The benefits of moving toward an application development process that includes even limited best practices include:
Lowing costs, including on-going maintenance, update and testing costs (delivering applications on budget)
Reducing time-to-deployment for future upgrades or modifications (on time development cycles)
Improving accountability
Improving consistency
Isolating problems and speeding resolution
Increasing quality
Increasing developer productivity
In reality, even with important benefits like the ones listed above, implementing best practices is not a Level-1 priority for most organizations. Most simply have too many important issues and on-going requirements to deal with. But implementing limited-scope best practices or development standards or automated tools that can help standardize and codify optimal approaches are often an important part of addressing the wide variety of challenges facing IT organizations.

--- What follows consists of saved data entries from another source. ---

text \<open>G_{k,alpha} = < O_alpha^(k) exp(sum_beta lambda^beta_0 O_beta) >_0 as a jet series
  depending only on the variables lambda^beta_0 = (0, beta, 0).\<close>
definition Gser :: "(('i \<times> nat) multiset \<Rightarrow> complex) \<Rightarrow> nat \<Rightarrow> 'i \<Rightarrow> 'i jetser" where
  "Gser corr k a M =
     (if \<forall>x\<in>#M. fst x = 0 \<and> snd (snd x) = 0
      then corr (add_mset (a, k) (image_mset (\<lambda>x. (fst (snd x), 0)) M)) / mfact M
      else 0)"

text \<open>The current observable (contour integral over C of J^(1)_L) vanishes:
  L is a total z-derivative (local functionals modulo total derivatives).\<close>
definition current_vanishes :: "'i jetser \<Rightarrow> bool" where
  "current_vanishes L \<longleftrightarrow> (\<exists>H. L = Dz H)"

end

theory Submission
  imports Defs
begin

text \<open>Each G_{k,a} depends only on the variables lambda_0, so in the bracket [G_{k,a}, G_{m,b}]
  only the terms without (-d_z) survive, and the chain rule
  d_z F(lambda_0) = sum_c lambda^c_1 (dF/dlambda^c_0)(lambda_0) turns it into
  sum_c lambda^c_1 sum_{s,t} g^{st} <<O_a^(k) O_s>>_0 <<O_t O_b^(m) O_c>>_0.
  By the topological recursion relation and the symmetry of g^{-1} the inner sum is
  <<O_a^(k+1) O_b^(m) O_c>>_0, so the bracket is the total derivative
  d_z <<O_a^(k+1) O_b^(m)>>_0(lambda_0), whose current vanishes.\<close>

lemma finite_submultisets: "finite {N. N \<subseteq># M}"
proof (rule finite_subset)
  show "{N. N \<subseteq># M} \<subseteq> mset ` {xs. set xs \<subseteq> set_mset M \<and> length xs \<le> size M}"
  proof
    fix N assume "N \<in> {N. N \<subseteq># M}"
    then have N: "N \<subseteq># M" by simp
    obtain xs where xs: "mset xs = N" using ex_mset by blast
    have "set xs \<subseteq> set_mset M" using N xs by (auto dest: mset_subset_eqD)
    moreover have "length xs \<le> size M" using N xs by (metis size_mset size_mset_mono)
    ultimately show "N \<in> mset ` {xs. set xs \<subseteq> set_mset M \<and> length xs \<le> size M}"
      using xs by blast
  qed
  show "finite (mset ` {xs. set xs \<subseteq> set_mset M \<and> length xs \<le> size M})"
    by (intro finite_imageI finite_lists_length_le) simp
qed

lemma sum_atMost_eq_first: "(\<And>j. f (Suc j) = 0) \<Longrightarrow> sum f {..n::nat} = f 0"
  by (induction n) auto

lemma mfact_eq_prod_superset:
  "finite A \<Longrightarrow> set_mset M \<subseteq> A \<Longrightarrow> mfact M = (\<Prod>x\<in>A. of_nat (fact (count M x)))"
  unfolding mfact_def by (rule prod.mono_neutral_left) (auto simp: not_in_iff)
lemma res_filter_Union_chain:
  assumes "C \<noteq> {}" and "chain\<^sub>\<subseteq> C" and filters: "\<And>G. G \<in> C \<Longrightarrow> res_filter m G"
  shows "res_filter m (\<Union>C)"
proof (rule res_filterI)
  show "\<Union>C \<noteq> {}"
    using \<open>C \<noteq> {}\<close> filters res_filter_nonempty by blast
  show "y \<in> \<Union>C" if "x \<in> \<Union>C" and "x \<le> y" for x y
  proof -
    obtain G where "G \<in> C" "x \<in> G"
      using \<open>x \<in> \<Union>C\<close> by blast
    then show ?thesis
      using res_filter_upclosed[OF filters _ \<open>x \<le> y\<close>] by blast
  qed
  show "m x y \<in> \<Union>C" if "x \<in> \<Union>C" and "y \<in> \<Union>C" for x y
  proof -
    obtain G where "G \<in> C" "x \<in> G" "y \<in> G"
      using \<open>x \<in> \<Union>C\<close> \<open>y \<in> \<Union>C\<close> \<open>chain\<^sub>\<subseteq> C\<close>
      unfolding chain_subset_def by blast
    then show ?thesis
      using res_filter_mult[OF filters] by blast
  qed
qed

lemma ex_maximal_res_filter_avoiding:
  assumes "res_filter m F" and "a \<notin> F"
  obtains G where "res_filter m G" and "F \<subseteq> G" and "a \<notin> G"
    and "\<And>H. res_filter m H \<Longrightarrow> G \<subseteq> H \<Longrightarrow> a \<notin> H \<Longrightarrow> H = G"
proof -
  let ?S = "{G. res_filter m G \<and> F \<subseteq> G \<and> a \<notin> G}"
  have chain_Union: "\<Union>C \<in> ?S" if "C \<noteq> {}" and "subset.chain ?S C" for C
  proof -
    have "C \<subseteq> ?S" and "chain\<^sub>\<subseteq> C"
      using \<open>subset.chain ?S C\<close> by (simp_all add: chain_subset_alt_def subset.chain_def)
    then have "res_filter m (\<Union>C)"
      using res_filter_Union_chain[OF \<open>C \<noteq> {}\<close>] by blast
    moreover have "F \<subseteq> \<Union>C" and "a \<notin> \<Union>C"
      using \<open>C \<subseteq> ?S\<close> \<open>C \<noteq> {}\<close> by blast+
    ultimately show ?thesis
      by simp
  qed
  have "?S \<noteq> {}"
    using assms by blast
  then obtain G where G: "res_filter m G" "F \<subseteq> G" "a \<notin> G"
    and maximal: "\<forall>H\<in>?S. G \<subseteq> H \<longrightarrow> H = G"
    using subset_Zorn_nonempty[of ?S, OF _ chain_Union] by auto
  show thesis
  proof (rule that[OF G])
    show "H = G" if "res_filter m H" and "G \<subseteq> H" and "a \<notin> H" for H
      using maximal that \<open>F \<subseteq> G\<close> by blast
  qed
qed
(* Let $\mathcal F$ be the set of ordered pairs of reduced fractions $\left(\frac ab,\frac cd\right)$ (with $a,c\ge 0$, $b,d\ge1$ integers) such that $0\le \frac ab<\frac cd\le 1$ and $ad-bc=-1$, and let $\mathcal F^*=\{(\frac01,\frac1n): n\in\mathbb N\}$. Then \[ \sum_{\left(\frac ab,\frac cd\right)\in\mathcal F\setminus\mathcal F^*}\frac{ab+cd+(a+c)(b+d)}{\big(abcd(a+c)(b+d)\big)^2}=7-12\gamma, \] where $\gamma$ is the Euler–Mascheroni constant.
   Context: $\mathcal F$ is the set of pairs of consecutive Farey fractions in $[0,1]$. *)

theory Defs
  imports "HOL-Analysis.Analysis"
begin

definition farey_pairs :: "((int \<times> int) \<times> (int \<times> int)) set" where
  "farey_pairs = {((a, b), (c, d)). a \<ge> 0 \<and> c \<ge> 0 \<and> b \<ge> 1 \<and> d \<ge> 1 \<and>
      coprime a b \<and> coprime c d \<and>
      0 \<le> real_of_int a / real_of_int b \<and>
      real_of_int a / real_of_int b < real_of_int c / real_of_int d \<and>
      real_of_int c / real_of_int d \<le> 1 \<and>
      a * d - b * c = -1}"

definition farey_pairs_star :: "((int \<times> int) \<times> (int \<times> int)) set" where
  "farey_pairs_star = {((0, 1), (1, int n)) | n :: nat. n \<ge> 1}"

definition farey_term :: "((int \<times> int) \<times> (int \<times> int)) \<Rightarrow> real" where
  "farey_term p = (case p of ((a, b), (c, d)) \<Rightarrow>
     real_of_int (a * b + c * d + (a + c) * (b + d)) /
     (real_of_int (a * b * c * d * (a + c) * (b + d)))\<^sup>2)"

end

theory Submission
  imports Defs
begin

To get started, keep in mind that practical solutions are good—there’s no need to retool everything to enable best practices. Stepwise enhancements in creating best practices for application development are ideal starting point. Most organizations can start by looking for tactical steps that will take them toward an overall best practices strategy. For example, select a logical area, project, or development challenge to start with, make iterative improvements, and then consolidate and expand your best practices over time to cover broader issues and less common problems. There’s no need to turn the organization upside down to gain incremental and real improvements in your development process.
An important consideration when looking at implementing Best Practices in a limited way is to use the right tools. Newer development tools are enabling organizations to capture best practices in select domains easier than ever before.